Data records: Begin

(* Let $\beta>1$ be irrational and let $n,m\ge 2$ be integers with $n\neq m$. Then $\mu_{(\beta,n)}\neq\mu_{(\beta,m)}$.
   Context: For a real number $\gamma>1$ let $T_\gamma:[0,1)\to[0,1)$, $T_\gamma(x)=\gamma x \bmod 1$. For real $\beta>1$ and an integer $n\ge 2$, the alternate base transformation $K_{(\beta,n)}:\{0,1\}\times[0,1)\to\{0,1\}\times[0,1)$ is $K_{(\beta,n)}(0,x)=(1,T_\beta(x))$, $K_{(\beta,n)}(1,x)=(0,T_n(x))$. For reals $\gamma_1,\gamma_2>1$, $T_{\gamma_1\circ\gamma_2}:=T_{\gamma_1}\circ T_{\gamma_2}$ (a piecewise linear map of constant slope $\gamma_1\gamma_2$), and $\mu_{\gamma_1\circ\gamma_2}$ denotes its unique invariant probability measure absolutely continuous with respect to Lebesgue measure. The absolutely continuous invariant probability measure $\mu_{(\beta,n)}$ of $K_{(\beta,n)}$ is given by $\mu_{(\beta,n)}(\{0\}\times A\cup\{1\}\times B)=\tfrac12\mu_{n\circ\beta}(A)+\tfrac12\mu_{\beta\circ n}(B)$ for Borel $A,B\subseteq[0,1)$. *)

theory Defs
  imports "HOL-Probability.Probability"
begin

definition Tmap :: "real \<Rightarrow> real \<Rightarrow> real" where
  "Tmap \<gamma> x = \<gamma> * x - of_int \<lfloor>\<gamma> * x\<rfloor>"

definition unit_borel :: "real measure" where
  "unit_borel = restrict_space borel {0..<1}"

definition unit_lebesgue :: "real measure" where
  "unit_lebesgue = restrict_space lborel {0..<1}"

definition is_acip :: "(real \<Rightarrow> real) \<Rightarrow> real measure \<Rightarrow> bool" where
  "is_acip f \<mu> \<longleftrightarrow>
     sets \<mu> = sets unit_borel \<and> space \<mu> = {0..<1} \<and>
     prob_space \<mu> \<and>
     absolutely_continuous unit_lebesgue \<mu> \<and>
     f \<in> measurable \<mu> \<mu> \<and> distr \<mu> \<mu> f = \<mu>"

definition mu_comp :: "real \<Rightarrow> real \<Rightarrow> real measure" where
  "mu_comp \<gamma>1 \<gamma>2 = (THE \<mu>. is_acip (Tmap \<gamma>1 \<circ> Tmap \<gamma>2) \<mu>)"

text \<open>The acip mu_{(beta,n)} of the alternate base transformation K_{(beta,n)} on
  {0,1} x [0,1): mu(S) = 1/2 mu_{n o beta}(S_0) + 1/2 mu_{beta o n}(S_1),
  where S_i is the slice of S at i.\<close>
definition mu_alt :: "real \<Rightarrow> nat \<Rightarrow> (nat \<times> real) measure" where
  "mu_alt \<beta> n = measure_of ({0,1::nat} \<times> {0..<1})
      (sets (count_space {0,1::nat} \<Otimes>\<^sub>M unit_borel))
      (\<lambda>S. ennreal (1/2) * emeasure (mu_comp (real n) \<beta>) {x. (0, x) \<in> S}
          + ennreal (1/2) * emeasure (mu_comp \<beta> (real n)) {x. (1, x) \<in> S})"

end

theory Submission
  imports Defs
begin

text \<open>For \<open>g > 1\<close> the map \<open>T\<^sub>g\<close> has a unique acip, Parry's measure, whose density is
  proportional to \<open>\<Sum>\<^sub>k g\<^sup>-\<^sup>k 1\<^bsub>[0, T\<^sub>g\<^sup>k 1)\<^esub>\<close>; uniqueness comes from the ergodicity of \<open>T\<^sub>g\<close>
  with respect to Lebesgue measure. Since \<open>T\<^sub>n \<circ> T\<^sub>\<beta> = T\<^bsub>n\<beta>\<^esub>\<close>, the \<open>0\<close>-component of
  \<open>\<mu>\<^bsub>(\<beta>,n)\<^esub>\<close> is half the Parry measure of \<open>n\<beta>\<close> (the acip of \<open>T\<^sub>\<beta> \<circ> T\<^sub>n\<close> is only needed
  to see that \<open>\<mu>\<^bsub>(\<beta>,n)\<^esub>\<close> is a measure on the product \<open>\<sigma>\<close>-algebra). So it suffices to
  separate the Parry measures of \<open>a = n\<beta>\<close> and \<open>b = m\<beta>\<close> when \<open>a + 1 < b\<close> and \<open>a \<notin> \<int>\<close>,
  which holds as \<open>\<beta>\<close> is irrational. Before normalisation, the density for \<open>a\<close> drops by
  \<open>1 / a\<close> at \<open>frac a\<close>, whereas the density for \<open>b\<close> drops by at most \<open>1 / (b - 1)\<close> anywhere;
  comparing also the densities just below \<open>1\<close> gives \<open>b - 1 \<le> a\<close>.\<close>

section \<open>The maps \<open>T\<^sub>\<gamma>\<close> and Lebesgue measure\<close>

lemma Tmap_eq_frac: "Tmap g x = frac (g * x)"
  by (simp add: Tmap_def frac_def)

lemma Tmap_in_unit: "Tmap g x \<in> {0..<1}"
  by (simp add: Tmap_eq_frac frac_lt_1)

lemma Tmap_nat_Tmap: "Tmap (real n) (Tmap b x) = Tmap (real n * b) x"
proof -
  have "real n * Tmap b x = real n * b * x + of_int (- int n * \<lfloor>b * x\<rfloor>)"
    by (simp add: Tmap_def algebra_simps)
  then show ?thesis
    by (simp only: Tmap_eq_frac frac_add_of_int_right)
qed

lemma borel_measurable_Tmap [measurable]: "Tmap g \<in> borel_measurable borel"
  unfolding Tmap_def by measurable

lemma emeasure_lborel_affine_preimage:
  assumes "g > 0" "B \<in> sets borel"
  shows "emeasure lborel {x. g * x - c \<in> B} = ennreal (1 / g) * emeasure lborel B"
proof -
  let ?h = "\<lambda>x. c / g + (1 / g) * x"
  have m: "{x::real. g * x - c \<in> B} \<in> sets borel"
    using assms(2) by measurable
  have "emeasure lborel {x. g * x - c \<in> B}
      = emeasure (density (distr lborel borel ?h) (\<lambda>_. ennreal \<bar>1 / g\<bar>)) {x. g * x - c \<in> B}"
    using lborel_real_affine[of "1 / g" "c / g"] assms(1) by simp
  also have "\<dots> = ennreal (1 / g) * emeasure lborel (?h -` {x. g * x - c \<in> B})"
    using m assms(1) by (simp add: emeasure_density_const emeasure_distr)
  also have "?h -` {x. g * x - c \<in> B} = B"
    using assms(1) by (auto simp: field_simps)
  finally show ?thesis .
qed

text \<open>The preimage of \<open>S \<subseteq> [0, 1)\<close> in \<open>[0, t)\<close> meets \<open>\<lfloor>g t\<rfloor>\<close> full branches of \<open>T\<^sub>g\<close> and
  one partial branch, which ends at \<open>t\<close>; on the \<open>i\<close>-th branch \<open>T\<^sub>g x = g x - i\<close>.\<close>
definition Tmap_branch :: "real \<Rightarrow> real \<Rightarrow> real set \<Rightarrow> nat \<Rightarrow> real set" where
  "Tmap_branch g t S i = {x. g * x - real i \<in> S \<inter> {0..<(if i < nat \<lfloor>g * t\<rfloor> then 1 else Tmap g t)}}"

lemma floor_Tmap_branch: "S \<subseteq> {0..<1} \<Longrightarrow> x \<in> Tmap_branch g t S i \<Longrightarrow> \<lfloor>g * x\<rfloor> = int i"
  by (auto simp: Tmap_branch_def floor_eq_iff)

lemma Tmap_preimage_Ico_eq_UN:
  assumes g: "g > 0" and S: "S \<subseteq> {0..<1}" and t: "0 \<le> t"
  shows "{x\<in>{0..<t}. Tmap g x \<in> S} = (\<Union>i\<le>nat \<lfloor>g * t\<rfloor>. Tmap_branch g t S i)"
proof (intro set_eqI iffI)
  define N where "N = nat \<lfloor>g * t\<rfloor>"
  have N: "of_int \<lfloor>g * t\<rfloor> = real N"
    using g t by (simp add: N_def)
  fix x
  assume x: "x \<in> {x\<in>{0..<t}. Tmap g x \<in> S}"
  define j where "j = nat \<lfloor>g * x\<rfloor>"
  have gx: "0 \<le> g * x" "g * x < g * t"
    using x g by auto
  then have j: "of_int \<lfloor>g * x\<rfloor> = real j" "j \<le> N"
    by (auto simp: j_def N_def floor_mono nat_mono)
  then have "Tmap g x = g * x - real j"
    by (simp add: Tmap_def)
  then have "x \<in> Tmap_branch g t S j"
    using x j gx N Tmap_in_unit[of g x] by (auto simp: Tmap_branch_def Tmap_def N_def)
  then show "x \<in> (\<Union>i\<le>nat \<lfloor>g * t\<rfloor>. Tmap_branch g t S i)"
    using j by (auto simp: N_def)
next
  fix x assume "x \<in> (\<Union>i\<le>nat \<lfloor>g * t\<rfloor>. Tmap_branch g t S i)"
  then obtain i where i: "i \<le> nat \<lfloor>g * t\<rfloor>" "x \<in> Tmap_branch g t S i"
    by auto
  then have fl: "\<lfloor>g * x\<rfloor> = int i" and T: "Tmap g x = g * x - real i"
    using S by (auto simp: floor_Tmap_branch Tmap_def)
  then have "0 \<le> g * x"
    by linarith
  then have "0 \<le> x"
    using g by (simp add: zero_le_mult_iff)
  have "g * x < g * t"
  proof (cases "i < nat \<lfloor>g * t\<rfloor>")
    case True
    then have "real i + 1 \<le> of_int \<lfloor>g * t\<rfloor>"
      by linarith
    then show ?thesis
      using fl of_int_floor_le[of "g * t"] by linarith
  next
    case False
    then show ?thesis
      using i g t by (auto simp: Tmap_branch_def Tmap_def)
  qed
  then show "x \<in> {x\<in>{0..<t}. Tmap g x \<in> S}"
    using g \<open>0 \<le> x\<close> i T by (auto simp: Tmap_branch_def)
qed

Data records: End

[Exercise] Show every line of the data that includes the string "lambda".

[Output of the exercise]
      (\<lambda>S. ennreal (1/2) * emeasure (mu_comp (real n) \<beta>) {x. (0, x) \<in> S}
  let ?h = "\<lambda>x. c / g + (1 / g) * x"
      = emeasure (density (distr lborel borel ?h) (\<lambda>_. ennreal \<bar>1 / g\<bar>)) {x. g * x - c \<in> B}"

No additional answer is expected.